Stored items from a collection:
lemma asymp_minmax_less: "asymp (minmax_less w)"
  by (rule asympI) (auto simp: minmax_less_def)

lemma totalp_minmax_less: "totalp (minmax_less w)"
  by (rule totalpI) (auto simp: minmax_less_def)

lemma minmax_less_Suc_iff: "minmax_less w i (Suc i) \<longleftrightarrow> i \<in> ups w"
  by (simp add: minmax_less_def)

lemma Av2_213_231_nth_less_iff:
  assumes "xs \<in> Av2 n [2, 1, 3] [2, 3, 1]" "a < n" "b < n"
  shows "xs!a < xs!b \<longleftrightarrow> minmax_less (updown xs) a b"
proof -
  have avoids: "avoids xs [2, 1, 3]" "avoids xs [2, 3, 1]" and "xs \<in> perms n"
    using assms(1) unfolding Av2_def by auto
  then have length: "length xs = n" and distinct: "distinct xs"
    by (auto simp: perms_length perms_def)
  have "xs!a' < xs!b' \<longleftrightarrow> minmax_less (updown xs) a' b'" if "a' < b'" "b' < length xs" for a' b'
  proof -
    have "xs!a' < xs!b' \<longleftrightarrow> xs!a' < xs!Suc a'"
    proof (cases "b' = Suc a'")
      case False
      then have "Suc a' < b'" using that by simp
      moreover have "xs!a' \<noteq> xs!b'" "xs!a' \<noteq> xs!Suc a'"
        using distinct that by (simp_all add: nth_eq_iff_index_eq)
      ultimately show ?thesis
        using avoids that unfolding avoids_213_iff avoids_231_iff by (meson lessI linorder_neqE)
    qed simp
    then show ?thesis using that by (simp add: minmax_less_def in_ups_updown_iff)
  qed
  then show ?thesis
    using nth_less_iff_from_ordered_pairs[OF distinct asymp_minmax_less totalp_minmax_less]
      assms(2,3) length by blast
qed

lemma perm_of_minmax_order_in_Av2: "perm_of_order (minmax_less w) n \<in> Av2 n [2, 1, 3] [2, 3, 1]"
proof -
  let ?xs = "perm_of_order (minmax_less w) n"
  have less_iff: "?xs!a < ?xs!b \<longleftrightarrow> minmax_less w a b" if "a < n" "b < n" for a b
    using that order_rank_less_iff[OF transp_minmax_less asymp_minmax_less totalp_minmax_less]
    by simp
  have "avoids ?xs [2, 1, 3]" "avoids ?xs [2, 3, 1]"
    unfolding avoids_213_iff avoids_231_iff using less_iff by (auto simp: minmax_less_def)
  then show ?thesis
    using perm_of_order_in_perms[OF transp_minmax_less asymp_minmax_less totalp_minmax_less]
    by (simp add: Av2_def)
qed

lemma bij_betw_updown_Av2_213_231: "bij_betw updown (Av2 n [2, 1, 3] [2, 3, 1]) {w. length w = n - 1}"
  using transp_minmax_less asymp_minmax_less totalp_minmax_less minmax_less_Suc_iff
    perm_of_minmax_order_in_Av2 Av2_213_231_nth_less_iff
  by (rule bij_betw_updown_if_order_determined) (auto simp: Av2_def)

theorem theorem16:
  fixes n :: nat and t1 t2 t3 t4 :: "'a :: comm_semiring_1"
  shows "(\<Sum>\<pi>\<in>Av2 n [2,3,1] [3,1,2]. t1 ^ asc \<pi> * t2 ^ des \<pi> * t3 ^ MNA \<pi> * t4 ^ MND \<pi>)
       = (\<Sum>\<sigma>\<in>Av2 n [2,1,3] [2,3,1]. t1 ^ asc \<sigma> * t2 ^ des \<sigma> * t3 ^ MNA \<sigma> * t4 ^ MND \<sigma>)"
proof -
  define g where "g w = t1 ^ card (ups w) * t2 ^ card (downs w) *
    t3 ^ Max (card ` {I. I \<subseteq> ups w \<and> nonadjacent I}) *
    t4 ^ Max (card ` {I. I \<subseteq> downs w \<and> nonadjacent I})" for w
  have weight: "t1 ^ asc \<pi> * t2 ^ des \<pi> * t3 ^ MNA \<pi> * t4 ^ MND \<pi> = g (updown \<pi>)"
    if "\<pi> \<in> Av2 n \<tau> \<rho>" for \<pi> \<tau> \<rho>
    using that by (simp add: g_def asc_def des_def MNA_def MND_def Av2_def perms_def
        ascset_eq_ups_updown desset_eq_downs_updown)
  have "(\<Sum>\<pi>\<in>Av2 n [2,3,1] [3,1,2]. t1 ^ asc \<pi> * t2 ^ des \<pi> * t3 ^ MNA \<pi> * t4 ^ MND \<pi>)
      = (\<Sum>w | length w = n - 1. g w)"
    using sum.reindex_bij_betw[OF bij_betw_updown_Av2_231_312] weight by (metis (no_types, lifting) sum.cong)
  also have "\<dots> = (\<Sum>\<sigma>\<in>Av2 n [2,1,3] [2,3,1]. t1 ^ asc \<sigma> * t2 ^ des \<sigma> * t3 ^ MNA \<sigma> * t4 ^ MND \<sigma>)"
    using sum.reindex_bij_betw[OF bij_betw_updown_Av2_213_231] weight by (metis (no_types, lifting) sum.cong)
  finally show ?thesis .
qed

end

WHAT TO DO:
Beginning at the line above with "assms(2,3) length by blast" and finishing at the line with "updown (Av2 n", return each line exactly and return nothing else.

EXERCISE RESPONSE:
      assms(2,3) length by blast
qed

lemma perm_of_minmax_order_in_Av2: "perm_of_order (minmax_less w) n \<in> Av2 n [2, 1, 3] [2, 3, 1]"
proof -
  let ?xs = "perm_of_order (minmax_less w) n"
  have less_iff: "?xs!a < ?xs!b \<longleftrightarrow> minmax_less w a b" if "a < n" "b < n" for a b
    using that order_rank_less_iff[OF transp_minmax_less asymp_minmax_less totalp_minmax_less]
    by simp
  have "avoids ?xs [2, 1, 3]" "avoids ?xs [2, 3, 1]"
    unfolding avoids_213_iff avoids_231_iff using less_iff by (auto simp: minmax_less_def)
  then show ?thesis
    using perm_of_order_in_perms[OF transp_minmax_less asymp_minmax_less totalp_minmax_less]
    by (simp add: Av2_def)
qed

lemma bij_betw_updown_Av2_213_231: "bij_betw updown (Av2 n [2, 1, 3] [2, 3, 1]) {w. length w = n - 1}"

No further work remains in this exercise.